Также эти наблюдения позволяют продвинуться дальше в понимании истерии, поскольку дают представление о том, каким образом истеричка «отчуждена» от инцеста с матерью, но так, чтобы мать всё же оставалась «при ней», словно та всё никак не может отдать свой материнский долг. Здесь следует вернуться к и без того неудобному положению ребёнка на месте объекта материнского желания, в качестве метафоры которого по-прежнему можно использовать «крокодилью пасть», в которой ребёнок обнаруживает себя в полной неопределённости относительно того, в какой момент она может захлопнуться и поглотить его. Неудобство это, как известно, купируется отцовским фаллосом: если он вставлен перпендикулярно челюстям, то пасть не сможет сомкнуться полностью. В этом случае положение ребёнка хотя и остаётся довольно-таки неприятным и двусмысленным, тем не менее, знание того, что мать не может позволить себе всего в его отношении, но не в виду его особой ценности, умений или навыков, а в виду того, что в ситуации присутствует фаллос, уменьшает тревогу: пасть может сколько угодно сжиматься, но никогда не захлопнется, что и даёт ребёнку, скажем так, пространство для манёвра. Если же отцовский фаллос со своей задачей не справляется, и ребёнок постоянно пребывает в тревоге относительно своего безвыходного положения, эта невыносимость и приводит к разного рода «сильным жестам», которые должны дать крокодильей пасти равный по силе нажима ответ.

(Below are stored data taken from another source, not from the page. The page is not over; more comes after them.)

(* Let $M$ be a $4$-dimensional manifold with local coordinates $(x^1,\dots,x^4)$, $e_i=\partial/\partial x^i$, and Riemannian metric $g$ with components \[(g_{ij})=\begin{pmatrix} A&B&C&B\\ B&A&B&C\\ C&B&A&B\\ B&C&B&A\end{pmatrix},\] $A,B,C$ smooth functions with $A>C>B>0$. Let $P$ be the almost product structure with component matrix having rows $(0,0,1,0),(0,0,0,1),(1,0,0,0),(0,1,0,0)$. Then $(M,g,P)$ belongs to the class $\mathcal{W}_0$, i.e. $F(x,y,z)=g((\nabla_xP)y,z)=0$ identically (equivalently $\nabla P=0$, $\nabla$ the Levi-Civita connection of $g$), if and only if \[A_3=C_1,\quad A_1=C_3,\quad B_3=B_1,\quad B_4=B_2,\quad A_2=C_4,\quad A_4=C_2,\] where $A_i=\partial A/\partial x^i$, $B_i=\partial B/\partial x^i$, $C_i=\partial C/\partial x^i$. *)

theory Defs
  imports "HOL-Analysis.Analysis"
begin

text \<open>Local coordinates (x^1,...,x^4) on a chart: points are vectors in real^4 ranging
 over an open set U.  Coordinate index k (k = 1..4) corresponds to the element
 coord k of the index type 4; conversely idx i in {0..3} is the position of i.\<close>

definition coord :: "nat \<Rightarrow> 4" where
  "coord k = of_nat (k - 1)"

definition idx :: "4 \<Rightarrow> nat" where
  "idx i = nat (Rep_bit0 i)"

definition pd :: "4 \<Rightarrow> (real^4 \<Rightarrow> real) \<Rightarrow> real^4 \<Rightarrow> real" where
  "pd i f x = frechet_derivative f (at x) (axis i 1)"

fun pds :: "4 list \<Rightarrow> (real^4 \<Rightarrow> real) \<Rightarrow> real^4 \<Rightarrow> real" where
  "pds [] f = f"
| "pds (i # is) f = pd i (pds is f)"

definition smooth_on :: "(real^4) set \<Rightarrow> (real^4 \<Rightarrow> real) \<Rightarrow> bool" where
  "smooth_on U f \<longleftrightarrow> (\<forall>is. pds is f differentiable_on U)"

text \<open>Christoffel symbols of the Levi-Civita connection of a metric with component
 matrix g x (entry g x \$ i \$ j = g_ij):
 Gamma^k_ij = 1/2 g^kl (d_i g_jl + d_j g_il - d_l g_ij), so that nabla_{e_i} e_j = Gamma^k_ij e_k.\<close>
definition christoffel :: "(real^4 \<Rightarrow> real^4^4) \<Rightarrow> 4 \<Rightarrow> 4 \<Rightarrow> 4 \<Rightarrow> real^4 \<Rightarrow> real" where
  "christoffel g k i j x = (1/2) * (\<Sum>l\<in>UNIV. matrix_inv (g x) $ k $ l *
      (pd i (\<lambda>y. g y $ j $ l) x + pd j (\<lambda>y. g y $ i $ l) x - pd l (\<lambda>y. g y $ i $ j) x))"

text \<open>Components of the covariant derivative of a (1,1)-tensor P (entry P x \$ k \$ j = P^k_j,
 i.e. P e_j = P^k_j e_k): (nabla_{e_i} P) e_j = (nabla_i P)^k_j e_k.\<close>
definition nablaP :: "(real^4 \<Rightarrow> real^4^4) \<Rightarrow> (real^4 \<Rightarrow> real^4^4) \<Rightarrow> 4 \<Rightarrow> 4 \<Rightarrow> 4 \<Rightarrow> real^4 \<Rightarrow> real" where
  "nablaP g P i k j x = pd i (\<lambda>y. P y $ k $ j) x
      + (\<Sum>m\<in>UNIV. christoffel g k i m x * P x $ m $ j)
      - (\<Sum>m\<in>UNIV. christoffel g m i j x * P x $ k $ m)"

text \<open>F(e_i, e_j, e_l) = g((nabla_{e_i} P) e_j, e_l).\<close>
definition Ften :: "(real^4 \<Rightarrow> real^4^4) \<Rightarrow> (real^4 \<Rightarrow> real^4^4) \<Rightarrow> 4 \<Rightarrow> 4 \<Rightarrow> 4 \<Rightarrow> real^4 \<Rightarrow> real" where
  "Ften g P i j l x = (\<Sum>k\<in>UNIV. g x $ k $ l * nablaP g P i k j x)"

text \<open>Class W_0: F vanishes identically (F is trilinear, so this is vanishing on the
 coordinate frame at every point of the chart).\<close>
definition in_W0 :: "(real^4) set \<Rightarrow> (real^4 \<Rightarrow> real^4^4) \<Rightarrow> (real^4 \<Rightarrow> real^4^4) \<Rightarrow> bool" where
  "in_W0 U g P \<longleftrightarrow> (\<forall>x\<in>U. \<forall>i j l. Ften g P i j l x = 0)"

definition gABC :: "(real^4 \<Rightarrow> real) \<Rightarrow> (real^4 \<Rightarrow> real) \<Rightarrow> (real^4 \<Rightarrow> real) \<Rightarrow> real^4 \<Rightarrow> real^4^4" where
  "gABC A B C x = (\<chi> i j. [[A x, B x, C x, B x],
                            [B x, A x, B x, C x],
                            [C x, B x, A x, B x],
                            [B x, C x, B x, A x]] ! idx i ! idx j)"

definition Pstr :: "real^4 \<Rightarrow> real^4^4" where
  "Pstr x = (\<chi> i j. [[0, 0, 1, 0],
                      [0, 0, 0, 1],
                      [1, 0, 0, 0],
                      [0, 1, 0, 0]] ! idx i ! idx j)"

end

theory Submission
  imports Defs
begin

text \<open>P has constant components and is g-symmetric, so lowering the free index of
 \<open>\<nabla>P\<close> cancels the inverse metric and F(e_i, e_j, e_l) = \<Gamma>_{i,Pe_j,l} - \<Gamma>_{i,j,Pe_l}
 with Christoffel symbols of the first kind. Each component is thus a linear combination of
 the first partial derivatives of A, B, C with constant coefficients, and the 64 components
 span exactly the six stated equations.\<close>

lemma four_eq_zero: "(4::4) = 0"
  by simp

lemma five_eq_one: "(5::4) = 1"
  by simp

lemmas forall_4' = forall_4[unfolded four_eq_zero]
lemmas sum_4' = sum_4[unfolded four_eq_zero]

lemma idx_simps [simp]: "idx 0 = 0" "idx 1 = 1" "idx 2 = 2" "idx 3 = 3"
  unfolding idx_def by (simp_all add: bit0.Rep_0 bit0.Rep_1 bit0.Rep_numeral)

lemma coord_simps [simp]: "coord 1 = 0" "coord 2 = 1" "coord 3 = 2" "coord 4 = 3"
  unfolding coord_def by simp_all

lemma matrix_inv_right:
  "invertible M \<Longrightarrow> M ** matrix_inv M = mat 1"
  unfolding invertible_def matrix_inv_def by (rule someI2_ex) auto

definition christoffel1 :: "(real^4 \<Rightarrow> real^4^4) \<Rightarrow> 4 \<Rightarrow> 4 \<Rightarrow> 4 \<Rightarrow> real^4 \<Rightarrow> real" where
  "christoffel1 g i j l x =
     1/2 * (pd i (\<lambda>y. g y $ j $ l) x + pd j (\<lambda>y. g y $ i $ l) x - pd l (\<lambda>y. g y $ i $ j) x)"

lemma christoffel_eq_raise_christoffel1:
  "christoffel g k i j x = (\<Sum>l\<in>UNIV. matrix_inv (g x) $ k $ l * christoffel1 g i j l x)"
  by (simp add: christoffel_def christoffel1_def sum_distrib_left mult_ac)

lemma lower_christoffel:
  assumes "invertible (g x)" and "transpose (g x) = g x"
  shows "(\<Sum>k\<in>UNIV. g x $ k $ l * christoffel g k i j x) = christoffel1 g i j l x"
proof -
  have sym: "g x $ k $ l = g x $ l $ k" for k l
    using arg_cong[OF assms(2), of "\<lambda>M. M $ l $ k"] by (simp add: transpose_def)
  have "(\<Sum>k\<in>UNIV. g x $ k $ l * christoffel g k i j x)
      = (\<Sum>k\<in>UNIV. \<Sum>n\<in>UNIV. g x $ l $ k * matrix_inv (g x) $ k $ n * christoffel1 g i j n x)"
    unfolding christoffel_eq_raise_christoffel1 sym[of _ l] by (simp add: sum_distrib_left mult_ac)
  also have "\<dots> = (\<Sum>n\<in>UNIV. (\<Sum>k\<in>UNIV. g x $ l $ k * matrix_inv (g x) $ k $ n) * christoffel1 g i j n x)"
    by (subst sum.swap) (simp add: sum_distrib_right)
  also have "\<dots> = (\<Sum>n\<in>UNIV. (mat 1 :: real^4^4) $ l $ n * christoffel1 g i j n x)"
    unfolding matrix_inv_right[OF assms(1), symmetric] by (simp add: matrix_matrix_mult_def)
  also have "\<dots> = christoffel1 g i j l x"
    by (simp add: mat_def of_bool_def[symmetric])
  finally show ?thesis .
qed

lemma Ften_const_symmetric:
  fixes g :: "real^4 \<Rightarrow> real^4^4" and Q :: "real^4^4"
  assumes "invertible (g x)" and "transpose (g x) = g x"
    and "transpose Q ** g x = g x ** Q"
  shows "Ften g (\<lambda>_. Q) i j l x =
    (\<Sum>m\<in>UNIV. Q $ m $ j * christoffel1 g i m l x) - (\<Sum>k\<in>UNIV. Q $ k $ l * christoffel1 g i j k x)"
proof -
  note lower = lower_christoffel[where g=g and x=x, OF assms(1,2), symmetric]
  have Q_sym: "(\<Sum>k\<in>UNIV. g x $ k $ l * Q $ k $ m) = (\<Sum>k\<in>UNIV. g x $ m $ k * Q $ k $ l)" for l m
    using arg_cong[OF assms(3), of "\<lambda>M. M $ m $ l"]
    by (simp add: matrix_matrix_mult_def transpose_def mult_ac)
  have "Ften g (\<lambda>_. Q) i j l x =
      (\<Sum>k\<in>UNIV. \<Sum>m\<in>UNIV. g x $ k $ l * christoffel g k i m x * Q $ m $ j)
    - (\<Sum>k\<in>UNIV. \<Sum>m\<in>UNIV. g x $ k $ l * christoffel g m i j x * Q $ k $ m)"
    unfolding Ften_def nablaP_def pd_def
    by (simp add: sum_distrib_left right_diff_distrib sum_subtractf mult_ac)
  also have "(\<Sum>k\<in>UNIV. \<Sum>m\<in>UNIV. g x $ k $ l * christoffel g k i m x * Q $ m $ j)
      = (\<Sum>m\<in>UNIV. Q $ m $ j * christoffel1 g i m l x)"
    unfolding lower sum_distrib_left by (subst sum.swap) (simp add: mult_ac)
  also have "(\<Sum>k\<in>UNIV. \<Sum>m\<in>UNIV. g x $ k $ l * christoffel g m i j x * Q $ k $ m)
      = (\<Sum>m\<in>UNIV. christoffel g m i j x * (\<Sum>k\<in>UNIV. g x $ k $ l * Q $ k $ m))"
    unfolding sum_distrib_left by (subst sum.swap) (simp add: mult_ac)
  also have "\<dots> = (\<Sum>k\<in>UNIV. Q $ k $ l * christoffel1 g i j k x)"
    unfolding Q_sym lower sum_distrib_left by (subst sum.swap) (simp add: mult_ac)
  finally show ?thesis .
qed

definition abc_matrix :: "real \<Rightarrow> real \<Rightarrow> real \<Rightarrow> real^4^4" where
  "abc_matrix a b c =
     (\<chi> i j. [[a, b, c, b], [b, a, b, c], [c, b, a, b], [b, c, b, a]] ! idx i ! idx j)"

lemma gABC_eq_abc_matrix: "gABC A B C x = abc_matrix (A x) (B x) (C x)"
  unfolding gABC_def abc_matrix_def ..

lemma abc_matrix_entries [simp]:
  "abc_matrix a b c $ 0 $ 0 = a" "abc_matrix a b c $ 0 $ 1 = b"
  "abc_matrix a b c $ 0 $ 2 = c" "abc_matrix a b c $ 0 $ 3 = b"
  "abc_matrix a b c $ 1 $ 0 = b" "abc_matrix a b c $ 1 $ 1 = a"
  "abc_matrix a b c $ 1 $ 2 = b" "abc_matrix a b c $ 1 $ 3 = c"
  "abc_matrix a b c $ 2 $ 0 = c" "abc_matrix a b c $ 2 $ 1 = b"
  "abc_matrix a b c $ 2 $ 2 = a" "abc_matrix a b c $ 2 $ 3 = b"
  "abc_matrix a b c $ 3 $ 0 = b" "abc_matrix a b c $ 3 $ 1 = c"
  "abc_matrix a b c $ 3 $ 2 = b" "abc_matrix a b c $ 3 $ 3 = a"
  unfolding abc_matrix_def by simp_all

lemma abc_matrix_mult:
  "abc_matrix a b c ** abc_matrix a' b' c' =
     abc_matrix (a*a' + 2*b*b' + c*c') (a*b' + b*a' + b*c' + c*b') (a*c' + 2*b*b' + c*a')"
  by (simp add: matrix_matrix_mult_def vec_eq_iff forall_4' sum_4' algebra_simps)

lemma abc_matrix_one: "abc_matrix 1 0 0 = mat 1"
  by (simp add: vec_eq_iff forall_4' mat_def)

lemma transpose_abc_matrix: "transpose (abc_matrix a b c) = abc_matrix a b c"
  by (simp add: vec_eq_iff forall_4' transpose_def)

text \<open>The matrices abc_matrix are simultaneously diagonalised by the eigenvectors
 (1,1,1,1), (1,0,-1,0), (0,1,0,-1) and (1,-1,1,-1); abc_eigen_matrix s t u is the one with
 eigenvalues s, t, t, u.\<close>
definition abc_eigen_matrix :: "real \<Rightarrow> real \<Rightarrow> real \<Rightarrow> real^4^4" where
  "abc_eigen_matrix s t u = abc_matrix ((s + 2*t + u)/4) ((s - u)/4) ((s - 2*t + u)/4)"

lemma abc_matrix_eq_abc_eigen_matrix:
  "abc_matrix a b c = abc_eigen_matrix (a + 2*b + c) (a - c) (a - 2*b + c)"
  unfolding abc_eigen_matrix_def by (simp add: algebra_simps add_divide_distrib diff_divide_distrib)

lemma abc_eigen_matrix_mult:
  "abc_eigen_matrix s t u ** abc_eigen_matrix s' t' u' = abc_eigen_matrix (s * s') (t * t') (u * u')"
  unfolding abc_eigen_matrix_def abc_matrix_mult
  by (simp add: algebra_simps add_divide_distrib diff_divide_distrib)

lemma invertible_abc_eigen_matrix:
  assumes "s \<noteq> 0" and "t \<noteq> 0" and "u \<noteq> 0"
  shows "invertible (abc_eigen_matrix s t u)"
proof -
  have one: "abc_eigen_matrix 1 1 1 = mat 1"
    unfolding abc_eigen_matrix_def abc_matrix_one[symmetric] by simp
  show ?thesis
    unfolding invertible_def
    by (rule exI[of _ "abc_eigen_matrix (1/s) (1/t) (1/u)"])
      (simp add: abc_eigen_matrix_mult assms one)
qed

lemma invertible_abc_matrix:
  assumes "a + 2*b + c \<noteq> 0" and "a \<noteq> c" and "a - 2*b + c \<noteq> 0"
  shows "invertible (abc_matrix a b c)"
  unfolding abc_matrix_eq_abc_eigen_matrix
  using assms by (intro invertible_abc_eigen_matrix) simp_all

definition swap_matrix :: "real^4^4" where
  "swap_matrix = (\<chi> i j. [[0, 0, 1, 0], [0, 0, 0, 1], [1, 0, 0, 0], [0, 1, 0, 0]] ! idx i ! idx j)"

lemma Pstr_eq_swap_matrix: "Pstr = (\<lambda>_. swap_matrix)"
  unfolding Pstr_def swap_matrix_def ..

lemma swap_matrix_entries [simp]:
  "swap_matrix $ 0 $ 0 = 0" "swap_matrix $ 0 $ 1 = 0" "swap_matrix $ 0 $ 2 = 1" "swap_matrix $ 0 $ 3 = 0"
  "swap_matrix $ 1 $ 0 = 0" "swap_matrix $ 1 $ 1 = 0" "swap_matrix $ 1 $ 2 = 0" "swap_matrix $ 1 $ 3 = 1"
  "swap_matrix $ 2 $ 0 = 1" "swap_matrix $ 2 $ 1 = 0" "swap_matrix $ 2 $ 2 = 0" "swap_matrix $ 2 $ 3 = 0"
  "swap_matrix $ 3 $ 0 = 0" "swap_matrix $ 3 $ 1 = 1" "swap_matrix $ 3 $ 2 = 0" "swap_matrix $ 3 $ 3 = 0"
  unfolding swap_matrix_def by simp_all

lemma swap_matrix_entry: "swap_matrix $ m $ j = of_bool (m = j + 2)"
  using exhaust_4[of j] exhaust_4[of m] by (elim disjE) (simp_all add: four_eq_zero)

lemma swap_matrix_abc_symmetric:
  "transpose swap_matrix ** abc_matrix a b c = abc_matrix a b c ** swap_matrix"
  by (simp add: vec_eq_iff forall_4' sum_4' matrix_matrix_mult_def transpose_def)

text \<open>Index arithmetic is modulo 4, so j + 2 is the index of P e_j.\<close>
lemma Ften_gABC_Pstr_eq:
  assumes "A x \<noteq> C x" and "A x + 2 * B x + C x \<noteq> 0" and "A x - 2 * B x + C x \<noteq> 0"
  shows "Ften (gABC A B C) Pstr i j l x =
    christoffel1 (gABC A B C) i (j + 2) l x - christoffel1 (gABC A B C) i j (l + 2) x"
proof -
  have "Ften (gABC A B C) Pstr i j l x =
      (\<Sum>m\<in>UNIV. swap_matrix $ m $ j * christoffel1 (gABC A B C) i m l x)
    - (\<Sum>k\<in>UNIV. swap_matrix $ k $ l * christoffel1 (gABC A B C) i j k x)"
    unfolding Pstr_eq_swap_matrix
    by (rule Ften_const_symmetric)
      (use assms in \<open>simp_all add: gABC_eq_abc_matrix invertible_abc_matrix
          transpose_abc_matrix swap_matrix_abc_symmetric\<close>)
  then show ?thesis
    by (simp add: swap_matrix_entry)
qed

lemma Ften_gABC_Pstr_vanishes_iff:
  assumes "A x \<noteq> C x" and "A x + 2 * B x + C x \<noteq> 0" and "A x - 2 * B x + C x \<noteq> 0"
  shows "(\<forall>i j l. Ften (gABC A B C) Pstr i j l x = 0) \<longleftrightarrow>
    (pd (coord 3) A x = pd (coord 1) C x
          \<and> pd (coord 1) A x = pd (coord 3) C x
          \<and> pd (coord 3) B x = pd (coord 1) B x
          \<and> pd (coord 4) B x = pd (coord 2) B x
          \<and> pd (coord 2) A x = pd (coord 4) C x
          \<and> pd (coord 4) A x = pd (coord 2) C x)"
    (is "?W0 \<longleftrightarrow> ?eqs")
proof
  assume ?W0
  txt \<open>Up to sign these six components are the six equations; all other components are
    linear combinations of them.\<close>
  then have "Ften (gABC A B C) Pstr 0 0 0 x = 0" "Ften (gABC A B C) Pstr 2 2 2 x = 0"
    "Ften (gABC A B C) Pstr 1 0 0 x = 0" "Ften (gABC A B C) Pstr 0 1 1 x = 0"
    "Ften (gABC A B C) Pstr 3 3 3 x = 0" "Ften (gABC A B C) Pstr 1 1 1 x = 0"
    by blast+
  then show ?eqs
    unfolding Ften_gABC_Pstr_eq[where A=A and B=B and C=C and x=x, OF assms]
      christoffel1_def gABC_eq_abc_matrix coord_simps
    by (simp add: four_eq_zero five_eq_one)
next
  assume ?eqs
  then show ?W0
    unfolding Ften_gABC_Pstr_eq[where A=A and B=B and C=C and x=x, OF assms]
      christoffel1_def gABC_eq_abc_matrix coord_simps
    by (simp add: forall_4' four_eq_zero five_eq_one)
qed

theorem theorem3p4:
  fixes A B C :: "real^4 \<Rightarrow> real" and U :: "(real^4) set"
  assumes "open U"
    and "smooth_on U A" and "smooth_on U B" and "smooth_on U C"
    and "\<forall>x\<in>U. A x > C x \<and> C x > B x \<and> B x > 0"
  shows "in_W0 U (gABC A B C) Pstr \<longleftrightarrow>
    (\<forall>x\<in>U. pd (coord 3) A x = pd (coord 1) C x
          \<and> pd (coord 1) A x = pd (coord 3) C x
          \<and> pd (coord 3) B x = pd (coord 1) B x
          \<and> pd (coord 4) B x = pd (coord 2) B x
          \<and> pd (coord 2) A x = pd (coord 4) C x
          \<and> pd (coord 4) A x = pd (coord 2) C x)"
proof -
  have "A x \<noteq> C x \<and> A x + 2 * B x + C x \<noteq> 0 \<and> A x - 2 * B x + C x \<noteq> 0" if "x \<in> U" for x
    using assms(5) that by fastforce
  then show ?thesis
    unfolding in_W0_def using Ften_gABC_Pstr_vanishes_iff by blast
qed

end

Видно, что эта ситуация предъявляет к ребёнку такого же рода требование, какое ощущает на себе мужской субъект в том случае, когда его пытаются подставить: здесь нельзя сделать вид, что происходящее его не касается, поскольку под вопрос оказывается поставлен он сам, и, соответственно, чтобы оправдаться, он должен «предъявить ценность». По всей видимости, истеризующийся ребёнок оказывается в схожей, если не в аналогичной ситуации, где фаллос, который должен был защитить его от матери, отсутствует, и поэтому от него требуется предъявить нечто в своё оправдание, чтобы мать его «не втянула в себя». Здесь и появляются первые признаки нужды, которая затем будет давать о себе знать в каждом симптоме – это в первую очередь нужда в фаллосе, который обозначил бы ребёнка в материнском желании так, чтобы его пребывание там подчинялось Закону, а не материнской воле.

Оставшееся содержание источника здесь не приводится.